Exercise directions
Where the string "assumes" appears in a line of the material below, copy that line.

Record excerpts
lemma dist_int_jump:
  assumes "\<bar>\<sigma>\<bar> = 1"
  shows "\<exists>t \<in> {1/4..1}. 1/4 \<le> \<bar>dist_int (u + \<sigma> * t) - dist_int u\<bar>"
proof -
  have forward: "\<exists>t \<in> {1/4..1}. 1/4 \<le> \<bar>dist_int (v + t) - dist_int v\<bar>" for v
  proof -
    define p where "p = of_int \<lfloor>2 * v\<rfloor> / (2::real)"
    have v: "v \<in> {p .. p + 1/2}"
      unfolding p_def using floor_correct[of "2 * v"] by (auto simp: field_simps)
    have piece: "\<bar>dist_int w - dist_int v\<bar> = \<bar>w - v\<bar>" if "w \<in> {p .. p + 1/2}" for w
      using dist_int_diff_on_half_interval[of w "\<lfloor>2 * v\<rfloor>" v] that v
      by (simp add: p_def add_divide_distrib)
    show ?thesis
    proof (cases "v \<le> p + 1/4")
      case True
      then show ?thesis using piece[of "p + 1/2"] v
        by (intro bexI[of _ "p + 1/2 - v"]) auto
    next
      case False
      then show ?thesis using piece[of p] v dist_int_plus_1[of p]
        by (intro bexI[of _ "p + 1 - v"]) auto
    qed
  qed
  show ?thesis
  proof (cases "\<sigma> = 1")
    case False
    then have "\<sigma> = -1" using assms by linarith
    moreover obtain t where "t \<in> {1/4..1}" "1/4 \<le> \<bar>dist_int (- u + t) - dist_int (- u)\<bar>"
      using forward by blast
    ultimately show ?thesis using dist_int_minus[of "u - t"] dist_int_minus[of u] by auto
  qed (use forward in simp)
qed

lemma half_period_index:
  fixes b x :: real
  assumes "0 \<le> b" "x \<in> {0..1}"
  shows "\<exists>i < Suc (nat \<lfloor>2 * b\<rfloor>). b * x \<in> {of_int (int i) / 2 .. (of_int (int i) + 1) / 2}"
proof -
  define i where "i = nat \<lfloor>2 * b * x\<rfloor>"
  have "0 \<le> 2 * b * x" "2 * b * x \<le> 2 * b"
    using assms by (auto simp: mult_left_le)
  then have "i < Suc (nat \<lfloor>2 * b\<rfloor>)" "real i \<le> 2 * b * x" "2 * b * x < real i + 1"
    unfolding i_def by (auto intro!: nat_mono floor_mono simp: less_Suc_eq_le)
  then show ?thesis by (intro exI[of _ i]) (simp add: field_simps)
qed

text \<open>With \<open>A k = lac_scale k = 2 ^ (k+1)!\<close> we have \<open>A (k+1) = A k ^ (k+2)\<close>; the \<open>k\<close>-th term of
  the series has amplitude \<open>lac_amp k = A k / A (k+1)\<close> and frequency \<open>A (k+1)\<close>, hence slope \<open>\<plusminus>A k\<close>.\<close>

definition lac_scale :: "nat \<Rightarrow> real" where
  "lac_scale k = 2 powr fact (Suc k)"

definition lac_amp :: "nat \<Rightarrow> real" where
  "lac_amp k = lac_scale k / lac_scale (Suc k)"

lemma lac_scale_pos: "0 < lac_scale k"
  unfolding lac_scale_def by simp

lemma lac_scale_Suc: "lac_scale (Suc k) = lac_scale k powr (real k + 2)"
  unfolding lac_scale_def powr_powr by (simp add: fact_Suc[of "Suc k"] algebra_simps)
theorem theorem5:
  fixes n m k :: nat and A B X0 :: "real mat" and \<mu> :: real
    and V Gam Om :: "nat \<Rightarrow> real mat"
  defines "R \<equiv> bcg_R A B X0"
  defines "Ups \<equiv> bcg_Ups A B X0"
  defines "Xi \<equiv> bcg_Xi A B X0"
  defines "Theta \<equiv> bcg_Theta A B X0"
  defines "Ups\<^sub>\<mu> \<equiv> Ups_mu m Gam Om \<mu>"
  defines "Theta\<^sub>\<mu> \<equiv> (\<lambda>j. ((R j)\<^sup>T * R j) * Ups\<^sub>\<mu> j)"
  assumes k: "k \<ge> 1"
    and A: "sym_pos_def n A"
    and B: "B \<in> carrier_mat n m" and X0: "X0 \<in> carrier_mat n m"
    and lanczos: "is_block_lanczos n m A (R 0) V Gam Om k"
    and krylov: "\<forall>j. 1 \<le> j \<and> j \<le> k + 1 \<longrightarrow> full_col_rank (krylov_mat A (R 0) j)"
    and R_rank: "\<forall>j \<le> k. full_col_rank (R j)"
    and not_eig: "\<forall>j. 1 \<le> j \<and> j \<le> k \<longrightarrow> \<not> eigenvalue (T_mat m Gam Om j) \<mu>"
    and Dmu_inv: "\<forall>j. 1 \<le> j \<and> j \<le> k + 1 \<longrightarrow> invertible_mat (Delta_mu m Gam Om \<mu> j)"
  shows "Ups\<^sub>\<mu> 0 = (1 / \<mu>) \<cdot>\<^sub>m 1\<^sub>m m
    \<and> invertible_mat (\<mu> \<cdot>\<^sub>m (Ups\<^sub>\<mu> (k - 1) - Ups (k - 1)) + Xi k)
    \<and> Ups\<^sub>\<mu> k = minv (\<mu> \<cdot>\<^sub>m (Ups\<^sub>\<mu> (k - 1) - Ups (k - 1)) + Xi k) * (Ups\<^sub>\<mu> (k - 1) - Ups (k - 1))
    \<and> invertible_mat (\<mu> \<cdot>\<^sub>m (Theta\<^sub>\<mu> (k - 1) - Theta (k - 1)) + (R k)\<^sup>T * R k)
    \<and> Ups\<^sub>\<mu> k = minv (\<mu> \<cdot>\<^sub>m (Theta\<^sub>\<mu> (k - 1) - Theta (k - 1)) + (R k)\<^sup>T * R k)
                   * (Theta\<^sub>\<mu> (k - 1) - Theta (k - 1))"
proof -
  interpret bcg_lanczos n m k A B X0 V Gam Om
    using A lanczos R_rank unfolding R_def by unfold_locales auto
  have k': "k - 1 < k" "k - 1 + 1 = k" "k - 1 \<le> k" using k by auto
  note Delta_k = Delta_regular_uptoD[OF Delta_regular_upto_k k order.refl]
  have "\<And>j. 1 \<le> j \<Longrightarrow> j \<le> k \<Longrightarrow> \<not> eigenvalue (T_mat m Gam Om j) \<mu>" using not_eig by auto
  note shift = Delta_mu_last[OF k this]
  have Dmu: "invertible_mat (Delta_mu m Gam Om \<mu> k)" "invertible_mat (Delta_mu m Gam Om \<mu> (k + 1))"
    "invertible_mat (\<mu> \<cdot>\<^sub>m 1\<^sub>m m)"
    using Dmu_inv k by (auto simp: Delta_mu_def)
  have Ups_mu_initial: "Ups\<^sub>\<mu> 0 = (1 / \<mu>) \<cdot>\<^sub>m 1\<^sub>m m"
    unfolding Ups\<^sub>\<mu>_def by (rule Ups_mu_0[where Gam = Gam, OF Gam_0_carrier Phi_invertible(3)[OF le0] Dmu(3)])
  have Phi_k: "\<Phi> k = Gam k * minv (\<Delta> k) * \<Phi> (k - 1)" using Phi_Suc[of "k - 1"] k'(2) by simp
  have Ups_mu_pred: "Ups_mu m Gam Om \<mu> (k - 1) = minv (\<Phi> (k - 1)) * minv (Delta_mu m Gam Om \<mu> k) * \<Phi> (k - 1)"
    unfolding Ups_mu_def k'(2) ..
  show ?thesis
    using Ups_mu_initial shifted_Ups_recurrence[OF Delta_k(1,2,3) Delta_mu_carrier[OF k le_add1] Dmu(1) shift(1)
      Gam_carrier[OF order.refl] Phi_invertible(3)[OF order.refl] Phi_invertible(1,2)[OF k'(3)] shift(2) Dmu(2)]
    unfolding Ups\<^sub>\<mu>_def Ups_def Xi_def Theta_def Theta\<^sub>\<mu>_def R_def bcg_Xi_def bcg_Theta_def Ups_mu_pred
      bcg_Ups_Phi[OF k'(1)] gram_R_Phi[OF k'(3)] gram_R_Phi[OF order.refl] Ups_mu_def[of _ _ _ _ k] Phi_k k'(2)
    by blast
qed

end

Answer to this task
  assumes "\<bar>\<sigma>\<bar> = 1"
  assumes "0 \<le> b" "x \<in> {0..1}"
  assumes k: "k \<ge> 1"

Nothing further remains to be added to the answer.